NAC, a cysteine precursor, is used to treat acetaminophen overdose and is listed as an essential medicine by the World Health Organization (116). In addition to its role in treating acute poisoning, NAC is recognized for its pro-neurogenic and neuroprotective effects in neurodegenerative and psychiatric disorder (120). NAC can cross the blood-brain barrier and mitigate age-associated memory decline (117,120). NAC may prevent ferroptosis by activating Nrf2, which regulates the expression of metallothioneins, ferritins and ferroportins, thereby preventing iron accumulation. Other Nrf2-dependent genes, including GPX4, GSH and NADPH synthesis genes, as well as epigenetic regulators of lipid hydroperoxides, contribute to its ferroptosis-inhibitory effects (117–119). In AD, NAC has potential as a GSH precursor, enhancing antioxidant defenses (120). Rat and gerbil studies have demonstrated that intraperitoneal NAC administration protects against oxidative damage induced by acrolein, peroxynitrite, hydroxyl radicals and 3-nitropropionic acid while increasing GSH levels in the brain and synaptosomes (119–123).

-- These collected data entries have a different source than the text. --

text \<open>
  Call a sample good if all its values are positive, more than \<open>(1 - \<epsilon>) k\<close> of them are at
  most \<open>\<tau>\<close> and at least \<open>k\<close> of them are at most \<open>\<tau> + \<delta>\<close>. For a good sample the inequality
  holds deterministically: if the sublevel set at \<open>\<tau>\<close> has at least \<open>k\<close> elements, it contains
  the \<open>k\<close> smallest values and therefore has the larger mean; otherwise it is contained in
  them, and the fewer than \<open>\<epsilon> k\<close> remaining smallest values are at most \<open>\<tau> + \<delta>\<close>, which
  adds at most \<open>\<epsilon> (\<tau> + \<delta>)\<close> to the mean. Both counts are sums of independent indicators;
  at \<open>\<tau> = \<tau>\<^sub>*\<close> their expectations are \<open>k\<close> and \<open>k + (N - k) (1 - exp (-\<delta>/2))\<close>, so
  Hoeffding's inequality bounds the probability that a sample is not good, and the stated
  rate follows from \<open>\<delta> exp (-\<delta>/2) / 2 \<le> 1 - exp (-\<delta>/2)\<close>.
\<close>

lemma mean_le_mean_of_superset:
  fixes f :: "'a \<Rightarrow> real"
  assumes "finite H" and "I \<subseteq> H" and "I \<noteq> {}"
    and below: "\<forall>i\<in>I. \<forall>j\<in>H - I. f i \<le> f j"
  shows "sum f I / card I \<le> sum f H / card H"
proof -
  have "finite I" using assms finite_subset by blast
  have cards: "0 < card I" "card I \<le> card H"
    using \<open>finite I\<close> \<open>I \<noteq> {}\<close> \<open>finite H\<close> \<open>I \<subseteq> H\<close> by (auto intro: card_mono)
  have "(\<Sum>i\<in>I. \<Sum>j\<in>H - I. f i) \<le> (\<Sum>i\<in>I. \<Sum>j\<in>H - I. f j)"
    using below by (intro sum_mono) auto
  then have "real (card (H - I)) * sum f I \<le> real (card I) * sum f (H - I)"
    by (simp add: sum_distrib_left)
  then have "(real (card H) - real (card I)) * sum f I \<le> real (card I) * (sum f H - sum f I)"
    using cards \<open>finite H\<close> \<open>I \<subseteq> H\<close> \<open>finite I\<close> by (simp add: card_Diff_subset sum_diff)
  then have "sum f I * real (card H) \<le> sum f H * real (card I)"
    by (simp add: algebra_simps)
  then show ?thesis using cards by (simp add: divide_simps)
qed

Curcumin, a polyphenolic compound initially identified as diferuloylmethane in turmeric rhizomes, has demonstrated protective effects against oxidative damage resulting from iron accumulation in cells (124). Curcumin treatment has been shown to decrease expression of GPX4 while increasing levels of heme-oxygenase (HO-1) and Nrf2 (124). As a key regulator of oxidative stress, Nrf2 governs the expression of ARE-dependent genes (62,125). Hirata et al (126) developed hybrid molecules that combine the oxidized indole structure of neuroprotective agents with the polyphenolic structure of curcumin, applying them to mouse hippocampal HT22 cells. These hybrids exhibited superior neuroprotective effects and lower cytotoxicity compared with curcumin alone, activated ARE, chelated ferrous ions and scavenged ROS, thereby protecting cells from oxidative stress and ferroptosis, ultimately promoting neuronal survival (104,127,128).

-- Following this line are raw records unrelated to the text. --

(* The class of data languages accepted by SAFA is not closed under Kleene closure: there exists a data language $L$ accepted by some SAFA such that no SAFA accepts $L^*=\{u_1u_2\cdots u_n: n\geq 0,\ u_i\in L\}$.
   Context: $D$ is a fixed countably infinite set of data values; for a finite alphabet $\Sigma$, data words are elements of $(\Sigma\times D)^*$. A set augmented finite automaton (SAFA) is a tuple $M=(Q,\Sigma\times D,q_0,F,H,\delta)$: $Q$ finite set of states, $q_0\in Q$ initial, $F\subseteq Q$ final, $H=\{h_1,\dots,h_m\}$ a finite collection of (names of) sets of data values, $\delta\subseteq Q\times\Sigma\times C\times OP\times Q$ with $C=\{p(h_i),\,!p(h_i): h_i\in H\}$, $OP=\{-\}\cup\{\mathsf{ins}(h_i):h_i\in H\}$. Configurations are $(q,\langle S_1,\dots,S_m\rangle)$ with $S_i\subseteq D$ finite; initially state $q_0$ and all sets empty. On reading $(a,d)$, a transition $(q,a,\alpha,op,q')$ from the current state may be taken if $\alpha=p(h_i)$ and $d\in S_i$, or $\alpha=\,!p(h_i)$ and $d\notin S_i$; then the state becomes $q'$ and if $op=\mathsf{ins}(h_j)$ the value $d$ is added to $S_j$ ($op=-$ changes nothing). A word is accepted if some run reads it entirely and ends in $F$; $L(M)$ is the set of accepted words. *)

theory Defs
  imports Main
begin

text \<open>Data values: the countably infinite set D is rendered as the type nat.
  Letters of the finite alphabet are natural numbers drawn from a finite set Sigma;
  states are natural numbers drawn from a finite set Q; the m sets h_1..h_m are
  indexed by 0..<m.\<close>

type_synonym data_word = "(nat \<times> nat) list"   \<comment> \<open>(letter, data value)\<close>

datatype cond = Pin nat | NotPin nat
datatype setop = NoOp | Ins nat

record safa =
  states :: "nat set"
  alph   :: "nat set"
  init   :: nat
  finals :: "nat set"
  nsets  :: nat
  trans  :: "(nat \<times> nat \<times> cond \<times> setop \<times> nat) set"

Lip-1, a derivative of quinoxaline spirocyclic compounds, is a potent ferroptosis inhibitor first identified in 2014 through small molecule compound library screening (129). Lip-1 primarily exerts its effects by inhibiting lipid peroxidation. Li et al (130) demonstrated that Lip-1 alleviates memory deficits in a mouse model of lipopolysaccharide (LPS)-induced cognitive impairment. Moreover, Lip-1 reduced microglial activation and the secretion of pro-inflammatory cytokines such as IL-6 and TNF-α, while mitigating oxidative stress, lipid peroxidation, mitochondrial damage and neuronal injury following LPS exposure. Further studies have revealed that Lip-1 not only prevents mitochondrial lipid peroxidation but also restores the expression of key molecules involved in ferroptosis regulation, including GSH, GPX4 and ferroptosis suppressor protein 1 (135,136). These findings suggest that GPX4 inhibition may induce ferroptosis in oligodendrocytes, with Lip-1 serving as a potent ferroptosis antagonist. Therefore, Lip-1 holds promise as a therapeutic candidate for CNS disease (131).